Join my journey with wearable technology, specifically the Apple Watch, I've embarked on a quest to uncover valuable insights about my health and fitness. By meticulously analyzing the wealth of data collected by my trusty Apple Watch, I've gained a deeper understanding of my daily activities, exercise routines, heart health, and more. Through data analysis and visualization, I've transformed raw wrist-worn data into meaningful insights that empower me to make informed decisions about my well-being.
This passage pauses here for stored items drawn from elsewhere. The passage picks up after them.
(* For every integer $m\ge 1$, the number of $321$-avoiding permutations of $\{1,\dots,m\}$ whose last letter is not $m$ equals $C_m-C_{m-1}$, and the number of $321$-avoiding permutations of $\{1,\dots,m\}$ whose first letter is not $1$ also equals $C_m-C_{m-1}$. Consequently, for $n\ge 3$ the number of permutations of $\{1,\dots,n\}$ containing the pattern $321$ exactly once equals $$\sum_{b=2}^{n-1}(C_b-C_{b-1})(C_{n-b+1}-C_{n-b}).$$
   Context: $C_k=\frac{(2k)!}{k!\,(k+1)!}$ denotes the $k$-th Catalan number ($C_0=1$). Permutations are written in one-line notation; a permutation $w_1\cdots w_m$ is $321$-avoiding if there are no positions $i<j<k$ with $w_i>w_j>w_k$, and contains $321$ exactly once if there is exactly one such triple of positions. *)

theory Defs
  imports Main
begin

definition catalan :: "nat \<Rightarrow> nat" where
  "catalan k = fact (2*k) div (fact k * fact (k+1))"

definition perms :: "nat \<Rightarrow> nat list set" where
  "perms m = {w. distinct w \<and> set w = {1..m}}"

definition occ321 :: "nat list \<Rightarrow> (nat \<times> nat \<times> nat) set" where
  "occ321 w = {(i,j,k). i < j \<and> j < k \<and> k < length w \<and> w!i > w!j \<and> w!j > w!k}"

definition avoids321 :: "nat list \<Rightarrow> bool" where
  "avoids321 w \<longleftrightarrow> occ321 w = {}"

definition contains321_once :: "nat list \<Rightarrow> bool" where
  "contains321_once w \<longleftrightarrow> card (occ321 w) = 1"

end

theory Submission
  imports Defs
begin

(*
  A permutation w of {1..n} avoids 321 iff, after deleting its largest
  letter n from position p, the remaining word avoids 321 and is increasing after position p.
  Refining by the length j of the increasing tail required at the end gives a recursion that is
  solved by the ballot numbers  binom(2n-j, n) - binom(2n-j, n+1);  for j = 0 this is C_n.
  Fixing n at the last position, or 1 at the first position, leaves an arbitrary 321-avoider of
  length n-1, whence the counts C_m - C_(m-1) for "last letter is not m" and "first letter is not 1".

  If occ321 w = {(i, j, k)} then w_j = j+1 =: b, every letter left of j
  except w_i is below b and every letter right of j except w_k is above b.  A word u @ b # v with
  this shape has (i, j, k) as its only 321 iff  u @ [w_k]  and  w_i # v  avoid 321.  Relabelling
  w_i as b and w_k as b in these two words is order preserving and gives a bijection between such
  w and pairs (L, R): L a 321-avoider of {1..b} not ending with b, R a 321-avoider of {b..n} not
  starting with b.  Summing the product of the Part 1 counts over b = 2..n-1 gives the theorem.
*)

section \<open>Ballot numbers and Catalan numbers\<close>

text \<open>The ballot numbers; ballot n j will turn out to count the 321-avoiding permutations of length n
  whose last j letters increase.\<close>

definition ballot :: "nat \<Rightarrow> nat \<Rightarrow> int" where
  "ballot n j = int ((2*n - j) choose n) - int ((2*n - j) choose (n+1))"

text \<open>Pascal's rule for the binomial coefficients gives the recursion of the ballot numbers.\<close>

lemma ballot_rec:
  assumes "1 \<le> j" "j < n"
  shows "ballot n j = ballot n (j+1) + ballot (n-1) (j-1)"
proof -
  obtain k N where n: "n = Suc k" and N: "2*n - j = Suc N"
    using assms by (metis Suc_diff_Suc less_imp_Suc_add mult_2 trans_less_add1)
  have N1: "2*n - (j+1) = N" and N2: "2*(n-1) - (j-1) = N" using N assms by auto
  have "ballot n j = int ((N choose k) + (N choose Suc k)) - int ((N choose Suc k) + (N choose Suc (Suc k)))"
    unfolding ballot_def N by (simp add: n)
  moreover have "ballot n (j+1) = int (N choose Suc k) - int (N choose Suc (Suc k))"
    unfolding ballot_def N1 by (simp add: n)
  moreover have "ballot (n-1) (j-1) = int (N choose k) - int (N choose Suc k)"
    unfolding ballot_def N2 by (simp add: n)
  ultimately show ?thesis by simp
qed

lemma ballot_diag: "ballot n n = 1"
  unfolding ballot_def by (simp add: mult_2)

text \<open>Telescoping the recursion: a row of ballot numbers sums to the next row.\<close>

lemma ballot_sum:
  assumes "1 \<le> j" "j \<le> n"
  shows "(\<Sum>i = j-1..n-1. ballot (n-1) i) = ballot n j"
  using assms
proof (induction "n - j" arbitrary: j)
  case 0
  then show ?case by (simp add: ballot_diag)
next
  case (Suc d)
  then have jn: "j < n" by simp
  have IH: "(\<Sum>i = j..n-1. ballot (n-1) i) = ballot n (j+1)"
    using Suc.hyps(1)[of "j+1"] Suc.hyps(2) jn by simp
  have "(\<Sum>i = j-1..n-1. ballot (n-1) i) = ballot (n-1) (j-1) + (\<Sum>i = j..n-1. ballot (n-1) i)"
    using Suc.prems jn sum.atLeast_Suc_atMost[of "j-1" "n-1" "ballot (n-1)"] by simp
  also have "\<dots> = ballot n j" using IH ballot_rec[of j n] Suc.prems jn by simp
  finally show ?case .
qed

text \<open>An increasing tail of length 1 is no restriction, and the numbers agree accordingly.\<close>

lemma ballot_0_1: "ballot (Suc k) 0 = ballot (Suc k) 1"
proof -
  have sym: "Suc (2*k) choose Suc k = Suc (2*k) choose k"
    using binomial_symmetric[of k "Suc (2*k)"] by (simp add: Suc_diff_le)
  have "ballot (Suc k) 0 = int (Suc (Suc (2*k)) choose Suc k) - int (Suc (Suc (2*k)) choose Suc (Suc k))"
    unfolding ballot_def by (simp del: binomial_Suc_Suc)
  also have "\<dots> = int (Suc (2*k) choose Suc k) - int (Suc (2*k) choose Suc (Suc k))"
    by (simp only: binomial_Suc_Suc[of "Suc (2*k)" k] binomial_Suc_Suc[of "Suc (2*k)" "Suc k"] sym)
  also have "\<dots> = ballot (Suc k) 1" unfolding ballot_def by (simp del: binomial_Suc_Suc)
  finally show ?thesis .
qed

lemma central_binomial_ratio: "(2*n choose (n+1)) * (n+1) = (2*n choose n) * n"
proof (cases n)
  case (Suc k)
  have "Suc n * (Suc (n + k) choose Suc n) = Suc k * (Suc (n + k) choose n)"
    by (rule Suc_times_binomial_add)
  moreover have "Suc (n + k) = 2*n" "Suc k = n" using Suc by simp_all
  ultimately show ?thesis by (simp add: mult.commute)
qed simp

lemma catalan_eq_ballot: "int (catalan n) = ballot n 0"
proof -
  define Y where "Y = 2*n choose n"
  define Z where "Z = 2*n choose (n+1)"
  have ZY: "Z * (n+1) = Y * n" unfolding Y_def Z_def by (rule central_binomial_ratio)
  then have "Z * (n+1) \<le> Y * (n+1)" by simp
  then have "Z \<le> Y" by (rule mult_right_le_imp_le) simp
  have "(Y - Z) * (n+1) = Y * (n+1) - Z * (n+1)" by (rule diff_mult_distrib)
  also have "\<dots> = Y" using ZY by simp
  finally have "(Y - Z) * (n+1) = Y" .
  moreover have "fact (2*n) = Y * (fact n * fact n)"
    using binomial_fact_lemma[of n "2*n"] unfolding Y_def by (simp add: mult_2 algebra_simps)
  ultimately have "fact (2*n) = (Y - Z) * (fact n * fact (n+1))"
    by (metis fact_Suc mult.assoc mult.left_commute Suc_eq_plus1 of_nat_id)
  then have "catalan n = Y - Z" unfolding catalan_def by simp
  then have "int (catalan n) = int Y - int Z" using \<open>Z \<le> Y\<close> by simp
  then show ?thesis unfolding ballot_def Y_def Z_def by simp
qed

section \<open>Permutations as lists\<close>

lemma perms_length: "w \<in> perms n \<Longrightarrow> length w = n"
  unfolding perms_def by (metis (mono_tags) card_atLeastAtMost diff_Suc_1 distinct_card mem_Collect_eq)

lemma distinct_set_eq_card:
  assumes "distinct xs" "set xs \<subseteq> A" "finite A" "length xs = card A"
  shows "set xs = A"
  using assms card_subset_eq distinct_card by metis

lemma perms_intro:
  assumes "distinct w" "length w = n" "set w \<subseteq> {1..n}"
  shows "w \<in> perms n"
  using assms distinct_set_eq_card[of w "{1..n}"] unfolding perms_def by simp

lemma finite_perms: "finite (perms n)"
proof (rule finite_subset)
  show "perms n \<subseteq> {w. set w \<subseteq> {1..n} \<and> length w = n}"
    using perms_length unfolding perms_def by auto
qed (rule finite_lists_length_eq, simp)

lemma occ321_map_strict_mono:
  assumes "strict_mono_on (set w) f"
  shows "occ321 (map f w) = occ321 w"
proof -
  have ord: "(f (w!i) < f (w!j)) = (w!i < w!j)" if "i < length w" "j < length w" for i j
    using that assms by (metis nth_mem strict_mono_on_less)
  have "(i,j,k) \<in> occ321 (map f w) \<longleftrightarrow> (i,j,k) \<in> occ321 w" for i j k
    unfolding occ321_def using ord[of j i] ord[of k j] by auto
  then show ?thesis by (simp add: set_eq_iff)
qed

lemma avoids321_map_strict_mono:
  "strict_mono_on (set w) f \<Longrightarrow> avoids321 (map f w) \<longleftrightarrow> avoids321 w"
  unfolding avoids321_def by (simp add: occ321_map_strict_mono)

lemma avoids321_shift: "avoids321 (map (\<lambda>x. x + d) w) \<longleftrightarrow> avoids321 w"
  by (simp add: avoids321_map_strict_mono strict_mono_on_def)

lemma shifted_perms_eq:
  "(distinct (map (\<lambda>x. x + d) v) \<and> set (map (\<lambda>x. x + d) v) = {d+1..d+n}) \<longleftrightarrow> v \<in> perms n"
proof -
  have "set (map (\<lambda>x. x + d) v) = {d+1..d+n} \<longleftrightarrow> set v = {1..n}"
  proof -
    have "(\<lambda>x. x + d) ` {1..n} = {d+1..d+n}" by (simp add: add.commute)
    then show ?thesis by (metis inj_image_eq_iff inj_on_add' list.set_map)
  qed
  then show ?thesis unfolding perms_def by (simp add: distinct_map)
qed

lemma card_shifted_perms:
  "card {v. distinct v \<and> set v = {d+1..d+n} \<and> Q v} = card {v \<in> perms n. Q (map (\<lambda>x. x + d) v)}"
proof -
  have "{v. distinct v \<and> set v = {d+1..d+n} \<and> Q v} = map (\<lambda>x. x + d) ` {v \<in> perms n. Q (map (\<lambda>x. x + d) v)}"
  proof (rule set_eqI, rule iffI)
    fix v assume v: "v \<in> {v. distinct v \<and> set v = {d+1..d+n} \<and> Q v}"
    then have "map (\<lambda>x. x + d) (map (\<lambda>x. x - d) v) = v" by (auto intro: map_idI)
    then show "v \<in> map (\<lambda>x. x + d) ` {v \<in> perms n. Q (map (\<lambda>x. x + d) v)}"
      using v shifted_perms_eq[of d "map (\<lambda>x. x - d) v"] by (metis (mono_tags, lifting) image_eqI mem_Collect_eq)
  next
    fix v assume "v \<in> map (\<lambda>x. x + d) ` {v \<in> perms n. Q (map (\<lambda>x. x + d) v)}"
    then obtain u where "u \<in> perms n" "Q (map (\<lambda>x. x + d) u)" "v = map (\<lambda>x. x + d) u" by blast
    then show "v \<in> {v. distinct v \<and> set v = {d+1..d+n} \<and> Q v}"
      using shifted_perms_eq[of d u n] by simp
  qed
  moreover have "inj_on (map (\<lambda>x. x + d)) X" for X by (simp add: inj_on_def)
  ultimately show ?thesis by (simp add: card_image)
qed

section \<open>Inserting the largest letter\<close>

definition ins_at :: "nat \<Rightarrow> 'a \<Rightarrow> 'a list \<Rightarrow> 'a list" where
  "ins_at p x w = take p w @ x # drop p w"

lemma length_ins_at: "p \<le> length w \<Longrightarrow> length (ins_at p x w) = Suc (length w)"
  unfolding ins_at_def by simp

lemma nth_ins_at:
  assumes "p \<le> length w" "q \<le> length w"
  shows "ins_at p x w ! q = (if q < p then w!q else if q = p then x else w!(q-1))"
  using assms unfolding ins_at_def by (auto simp: nth_append min_def nth_Cons')

lemma set_ins_at: "set (ins_at p x w) = insert x (set w)"
proof -
  have "set w = set (take p w) \<union> set (drop p w)" by (metis append_take_drop_id set_append)
  then show ?thesis unfolding ins_at_def by auto
qed

lemma distinct_ins_at: "distinct (ins_at p x w) \<longleftrightarrow> distinct w \<and> x \<notin> set w"
proof -
  obtain u v where "u = take p w" "v = drop p w" by simp
  then have "w = u @ v" "ins_at p x w = u @ x # v" unfolding ins_at_def by simp_all
  then show ?thesis by auto
qed

lemma inj_ins_at: "inj_on (ins_at p x) {w. p \<le> length w}"
proof (rule inj_onI)
  fix u v assume u: "u \<in> {w. p \<le> length w}" and v: "v \<in> {w. p \<le> length w}"
    and eq: "ins_at p x u = ins_at p x v"
  have "take p (ins_at p x u) = take p u" "drop (Suc p) (ins_at p x u) = drop p u"
    "take p (ins_at p x v) = take p v" "drop (Suc p) (ins_at p x v) = drop p v"
    using u v unfolding ins_at_def by auto
  then show "u = v" using eq by (metis append_take_drop_id)
qed

lemma avoids321_ins_at_imp:
  assumes p: "p \<le> length w" and av: "avoids321 (ins_at p x w)"
  shows "avoids321 w"
  unfolding avoids321_def
proof (rule ccontr)
  assume "occ321 w \<noteq> {}"
  then obtain i j k where o: "(i,j,k) \<in> occ321 w" by auto
  define e where "e t = (if t < p then t else Suc t)" for t
  have e: "t < length w \<Longrightarrow> ins_at p x w ! (e t) = w ! t" for t
    using p by (auto simp: e_def nth_ins_at)
  have "(e i, e j, e k) \<in> occ321 (ins_at p x w)"
    using o e[of i] e[of j] e[of k] p unfolding occ321_def by (auto simp: e_def length_ins_at)
  then show False using av unfolding avoids321_def by auto
qed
Join me on this exploration of how wearable technology has unlocked a wealth of knowledge about my personal health and fitness."

In [1]:
# Importing the libraries we would need
import xml.etree.ElementTree as ET
import pandas as pd
from datetime import datetime
import plotly.express as px
import matplotlib.pyplot as plt
import plotly.express as px
import plotly.graph_objects as go
from plotly.subplots import make_subplots

## Importing and Converting data 
Since the health file is saved in XML format, we would use a For-Loop to parse the data and convert it into a dataframe.

In [2]:
file_path= "/kaggle/input/apple-datav2/export.xml"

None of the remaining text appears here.